Simmonds has proven to be a solid second line scoring option in his two seasons with the Flyers . He posted 49 points in his first season with the team with 28 goals and 21 assists, and followed that up with 15 goals and 17 assists for 32 points in 45 games last season, which was on pace for a career-best 58 points if it wasn’t a lockout shortened season.
And to think Simmonds posted those numbers without having the luxury to play with an elite center with some size in Lecavalier.
Lecavalier has been the epitome of consistency in his long career. He has scored 20 or more goals 12 times – the only two times he didn’t was his rookie season, and last season in a lockout-shortened campaign.
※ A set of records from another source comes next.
(* Let $(\Omega,\mathcal{F})$ be a measurable space and $\mathcal{P}=\{P_1,\dots,P_K\}$ a finite set of probability measures on it, with $\hat{\mathbb{E}}[Z]=\max_{1\le i\le K}E_{P_i}[Z]$. Let $X,Y$ be random variables with $\hat{\mathbb{E}}[X^2]+\hat{\mathbb{E}}[Y^2]<\infty$. Let $\boldsymbol{\mu}=(E_{P_1}[X],\dots,E_{P_K}[X])^T$, $\boldsymbol{\nu}=(E_{P_1}[Y],\dots,E_{P_K}[Y])^T$ and $\boldsymbol{\kappa}=(E_{P_1}[XY],\dots,E_{P_K}[XY])^T$ in $\mathbb{R}^K$. Then $$\overline{C}(X,Y)=\max_{\boldsymbol{\lambda}\in\Delta^K}\left(\boldsymbol{\lambda}^T\boldsymbol{\kappa}-\boldsymbol{\lambda}^T\boldsymbol{\mu}\boldsymbol{\nu}^T\boldsymbol{\lambda}\right),$$ where $\Delta^K=\{\boldsymbol{\lambda}=(\lambda_1,\dots,\lambda_K)\in\mathbb{R}^K:\sum_{i=1}^K\lambda_i=1,\ \lambda_i\ge0\}$.
   Context: For a random variable $W$ with $\hat{\mathbb{E}}[W^2]<\infty$: $\overline{\mu}_W=\hat{\mathbb{E}}[W]$, $\underline{\mu}_W=-\hat{\mathbb{E}}[-W]$, $M_W=[\underline{\mu}_W,\overline{\mu}_W]$. Upper covariance $\overline{C}(X,Y)=\max_{\mu_2\in M_Y}\min_{\mu_1\in M_X}\hat{\mathbb{E}}[(X-\mu_1)(Y-\mu_2)]$. *)

theory Defs
  imports "HOL-Probability.Probability"
begin

text \<open>Sublinear expectation generated by a finite family of probability measures
  P i, indexed by a finite type 'k (so K = CARD('k)).\<close>
definition sublin_exp :: "('k::finite \<Rightarrow> 'a measure) \<Rightarrow> ('a \<Rightarrow> real) \<Rightarrow> real" where
  "sublin_exp P Z = Max (range (\<lambda>i. integral\<^sup>L (P i) Z))"

definition upper_mean :: "('k::finite \<Rightarrow> 'a measure) \<Rightarrow> ('a \<Rightarrow> real) \<Rightarrow> real" where
  "upper_mean P W = sublin_exp P W"

definition lower_mean :: "('k::finite \<Rightarrow> 'a measure) \<Rightarrow> ('a \<Rightarrow> real) \<Rightarrow> real" where
  "lower_mean P W = - sublin_exp P (\<lambda>w. - W w)"

definition mean_interval :: "('k::finite \<Rightarrow> 'a measure) \<Rightarrow> ('a \<Rightarrow> real) \<Rightarrow> real set" where
  "mean_interval P W = {lower_mean P W .. upper_mean P W}"

definition upper_cov :: "('k::finite \<Rightarrow> 'a measure) \<Rightarrow> ('a \<Rightarrow> real) \<Rightarrow> ('a \<Rightarrow> real) \<Rightarrow> real" where
  "upper_cov P X Y =
     (SUP m2 \<in> mean_interval P Y. INF m1 \<in> mean_interval P X.
        sublin_exp P (\<lambda>w. (X w - m1) * (Y w - m2)))"

definition prob_simplex :: "('k::finite \<Rightarrow> real) set" where
  "prob_simplex = {l. (\<forall>i. 0 \<le> l i) \<and> (\<Sum>i\<in>UNIV. l i) = 1}"

end

theory Submission
  imports Defs
begin

text \<open>Write \<open>E\<^sub>i\<close> for the expectation under \<open>P\<^sub>i\<close>.  For a mixture \<open>\<lambda>\<close> and \<open>m2 = E\<^sub>\<lambda>Y\<close>,
  averaging \<open>E\<^sub>i[(X - m1)(Y - m2)]\<close> over \<open>\<lambda>\<close> gives \<open>Cov\<^sub>\<lambda>(X, Y)\<close> for every \<open>m1\<close>, so the
  max-min is at least \<open>V = max\<^sub>\<lambda> Cov\<^sub>\<lambda>(X, Y)\<close>.  Conversely, for fixed \<open>m2\<close> the functions
  \<open>m1 \<mapsto> E\<^sub>i[(X - m1)(Y - m2)]\<close> are affine, and by Helly's theorem on the line their sublevel
  sets at height \<open>V\<close> have a common point in the mean interval of \<open>X\<close> as soon as they meet
  pairwise and each meets that interval: the latter is witnessed by \<open>m1 = E\<^sub>iX\<close>, the former by
  the mixture of \<open>P\<^sub>i\<close> and \<open>P\<^sub>j\<close> under which \<open>Y\<close> has mean \<open>m2\<close>.\<close>

text \<open>With \<open>mu\<close>, \<open>nu\<close>, \<open>kappa\<close> the vectors of \<open>E\<^sub>iX\<close>, \<open>E\<^sub>iY\<close>, \<open>E\<^sub>i[XY]\<close>: \<open>mixture_cov\<close> is the
  paper's objective, the covariance of \<open>X, Y\<close> under the mixture \<open>\<Sum>\<^sub>i l\<^sub>i P\<^sub>i\<close>, and
  \<open>centered_moment\<close> is \<open>E\<^sub>i[(X - m1)(Y - m2)]\<close>.\<close>

definition mixture_cov ::
    "('k::finite \<Rightarrow> real) \<Rightarrow> ('k \<Rightarrow> real) \<Rightarrow> ('k \<Rightarrow> real) \<Rightarrow> ('k \<Rightarrow> real) \<Rightarrow> real" where
  "mixture_cov mu nu kappa l =
    (\<Sum>i\<in>UNIV. l i * kappa i) - (\<Sum>i\<in>UNIV. l i * mu i) * (\<Sum>i\<in>UNIV. l i * nu i)"

definition centered_moment ::
    "('k \<Rightarrow> real) \<Rightarrow> ('k \<Rightarrow> real) \<Rightarrow> ('k \<Rightarrow> real) \<Rightarrow> 'k \<Rightarrow> real \<Rightarrow> real \<Rightarrow> real" where
  "centered_moment mu nu kappa i m1 m2 = kappa i - m2 * mu i - m1 * nu i + m1 * m2"

definition max_centered_moment ::
    "('k::finite \<Rightarrow> real) \<Rightarrow> ('k \<Rightarrow> real) \<Rightarrow> ('k \<Rightarrow> real) \<Rightarrow> real \<Rightarrow> real \<Rightarrow> real" where
  "max_centered_moment mu nu kappa m1 m2 = Max (range (\<lambda>i. centered_moment mu nu kappa i m1 m2))"

lemma centered_moment_le_max:
  "centered_moment mu nu kappa i m1 m2 \<le> max_centered_moment mu nu kappa m1 m2"
  unfolding max_centered_moment_def by (rule Max_ge) auto

lemma prob_simplex_weighted_sum_le:
  fixes l f :: "'k::finite \<Rightarrow> real"
  assumes "l \<in> prob_simplex" and "\<And>i. f i \<le> C"
  shows "(\<Sum>i\<in>UNIV. l i * f i) \<le> C"
proof -
  have "(\<Sum>i\<in>UNIV. l i * f i) \<le> (\<Sum>i\<in>UNIV. l i * C)"
    using assms by (intro sum_mono mult_left_mono) (auto simp: prob_simplex_def)
  also have "\<dots> = C"
    using assms(1) by (simp add: prob_simplex_def flip: sum_distrib_right)
  finally show ?thesis .
qed

lemma prob_simplex_weighted_sum_ge:
  fixes l f :: "'k::finite \<Rightarrow> real"
  assumes "l \<in> prob_simplex" and "\<And>i. C \<le> f i"
  shows "C \<le> (\<Sum>i\<in>UNIV. l i * f i)"
  using prob_simplex_weighted_sum_le[OF assms(1), of "\<lambda>i. - f i" "- C"] assms(2)
  by (simp add: sum_negf)

lemma weighted_sum_two_point:
  fixes f :: "'k::finite \<Rightarrow> real"
  shows "(\<Sum>k\<in>UNIV. (p * of_bool (k = i) + q * of_bool (k = j)) * f k) = p * f i + q * f j"
  by (simp add: distrib_right sum.distrib mult.assoc flip: sum_distrib_left)

lemma two_point_in_prob_simplex:
  assumes "0 \<le> p" "0 \<le> q" "p + q = 1"
  shows "(\<lambda>k::'k::finite. p * of_bool (k = i) + q * of_bool (k = j)) \<in> prob_simplex"
  using assms weighted_sum_two_point[of p i q j "\<lambda>_. 1"] by (simp add: prob_simplex_def)

lemma Helly_real:
  fixes \<F> :: "real set set"
  assumes "finite \<F>" and "\<And>S. S \<in> \<F> \<Longrightarrow> convex S"
    and "\<And>S T. S \<in> \<F> \<Longrightarrow> T \<in> \<F> \<Longrightarrow> S \<inter> T \<noteq> {}"
  shows "\<Inter>\<F> \<noteq> {}"
proof (cases "card \<F> \<ge> 2")
  case True
  show ?thesis
  proof (rule Helly)
    show "DIM(real) + 1 \<le> card \<F>"
      using True by simp
  next
    fix \<T> assume "\<T> \<subseteq> \<F>" "card \<T> = DIM(real) + 1"
    then obtain S T where "\<T> = {S, T}" "S \<in> \<F>" "T \<in> \<F>"
      by (auto simp: card_2_iff numeral_2_eq_2[symmetric])
    then show "\<Inter>\<T> \<noteq> {}"
      using assms(3) by auto
  qed (use assms(2) in auto)
next
  case False
  then have singleton: "\<forall>S\<in>\<F>. \<forall>T\<in>\<F>. S = T"
    using assms(1) card_le_Suc0_iff_eq by fastforce
  show ?thesis
  proof (cases "\<F> = {}")
    case False
    then obtain S where "S \<in> \<F>"
      by blast
    with singleton have "\<Inter>\<F> = S"
      by blast
    with assms(3)[OF \<open>S \<in> \<F>\<close> \<open>S \<in> \<F>\<close>] show ?thesis
      by simp
  qed simp
qed

lemma centered_moment_eq:
  "centered_moment mu nu kappa i m1 m2 = (kappa i - mu i * nu i) + (mu i - m1) * (nu i - m2)"
  by (simp add: centered_moment_def algebra_simps)

lemma weighted_centered_moment:
  fixes mu nu kappa :: "'k::finite \<Rightarrow> real"
  assumes "l \<in> prob_simplex"
  shows "(\<Sum>i\<in>UNIV. l i * centered_moment mu nu kappa i m1 m2)
    = mixture_cov mu nu kappa l
      + ((\<Sum>i\<in>UNIV. l i * mu i) - m1) * ((\<Sum>i\<in>UNIV. l i * nu i) - m2)"
proof -
  have "(\<Sum>i\<in>UNIV. l i * centered_moment mu nu kappa i m1 m2)
    = (\<Sum>i\<in>UNIV. l i * kappa i) - m2 * (\<Sum>i\<in>UNIV. l i * mu i)
      - m1 * (\<Sum>i\<in>UNIV. l i * nu i) + m1 * m2 * (\<Sum>i\<in>UNIV. l i)"
    by (simp add: centered_moment_def algebra_simps sum.distrib sum_subtractf sum_distrib_left)
  moreover have "(\<Sum>i\<in>UNIV. l i) = 1"
    using assms by (simp add: prob_simplex_def)
  ultimately show ?thesis
    by (simp add: mixture_cov_def algebra_simps)
qed

lemma mixture_cov_le_max_centered_moment:
  assumes "l \<in> prob_simplex"
  shows "mixture_cov mu nu kappa l \<le> max_centered_moment mu nu kappa m1 (\<Sum>i\<in>UNIV. l i * nu i)"
proof -
  let ?m2 = "\<Sum>i\<in>UNIV. l i * nu i"
  have "mixture_cov mu nu kappa l = (\<Sum>i\<in>UNIV. l i * centered_moment mu nu kappa i m1 ?m2)"
    using weighted_centered_moment[OF assms] by simp
  also have "\<dots> \<le> max_centered_moment mu nu kappa m1 ?m2"
    unfolding max_centered_moment_def by (rule prob_simplex_weighted_sum_le[OF assms]) simp
  finally show ?thesis .
qed

lemma cov_le_of_mixture_cov_le:
  fixes mu nu kappa :: "'k::finite \<Rightarrow> real"
  assumes "\<forall>l\<in>prob_simplex. mixture_cov mu nu kappa l \<le> V"
  shows "kappa i - mu i * nu i \<le> V"
proof -
  let ?delta = "\<lambda>k. 1 * of_bool (k = i) + 0 * of_bool (k = i)"
  have "mixture_cov mu nu kappa ?delta = kappa i - mu i * nu i"
    unfolding mixture_cov_def weighted_sum_two_point by simp
  then show ?thesis
    using assms two_point_in_prob_simplex[of 1 0 i i] by fastforce
qed

lemma centered_moments_common_bound_opposite:
  fixes mu nu kappa :: "'k::finite \<Rightarrow> real"
  assumes V: "\<forall>l\<in>prob_simplex. mixture_cov mu nu kappa l \<le> V"
    and "nu i < m2" "m2 < nu j"
  shows "\<exists>m1. centered_moment mu nu kappa i m1 m2 \<le> V \<and> centered_moment mu nu kappa j m1 m2 \<le> V"
proof -
  define p where "p = (nu j - m2) / (nu j - nu i)"
  define l where "l k = p * of_bool (k = i) + (1 - p) * of_bool (k = j)" for k
  have "0 \<le> p" "p \<le> 1"
    using assms(2,3) by (auto simp: p_def)
  then have l: "l \<in> prob_simplex"
    unfolding l_def by (intro two_point_in_prob_simplex) auto
  have "p * (nu j - nu i) = nu j - m2"
    using assms(2,3) by (simp add: p_def)
  then have "(\<Sum>k\<in>UNIV. l k * nu k) = m2"
    unfolding l_def weighted_sum_two_point by (simp add: algebra_simps)
  then have mixture: "p * centered_moment mu nu kappa i m1 m2
      + (1 - p) * centered_moment mu nu kappa j m1 m2 \<le> V" for m1
    using weighted_centered_moment[OF l, of mu nu kappa m1 m2] V l
    unfolding l_def weighted_sum_two_point by simp
  \<comment> \<open>at the crossing point of the two affine functions of \<open>m1\<close> both equal their mixture\<close>
  define m1 where "m1 = (kappa i - kappa j - m2 * (mu i - mu j)) / (nu i - nu j)"
  have crossing: "centered_moment mu nu kappa i m1 m2 = centered_moment mu nu kappa j m1 m2"
    using assms(2,3) by (simp add: centered_moment_def m1_def field_simps)
  then have "centered_moment mu nu kappa j m1 m2 \<le> V"
    using mixture[of m1] by (simp add: algebra_simps)
  with crossing show ?thesis
    by (intro exI[of _ m1]) simp
qed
Five times he exceeded 30 goals.
He has also broken the 50-point plateau 10 times in his career, and eight of those times he went over 60 points.
Now, he’s going to be a second line center, and he’s being partnered on one side with one of the hardest-working power forwards in the NHL – and so far, Vinny’s loving it.
“It’s been going well,” Lecavalier said of the pairing. “I think we are clicking. We see each other on the ice, and that’s the most important thing. The plays are there and the more we play together the more we’ll execute our plays.”
And if they do click right away and start putting good numbers on the stats sheets, opposing coaches are going to have a hard time figuring out who they want their best defensive pairing out against – Giroux and Voracek, or Lecavalier and Simmonds.
It wouldn’t be a surprise if, as Laviolette was jotting those names down on paper, he muttered something like “pick your poison.”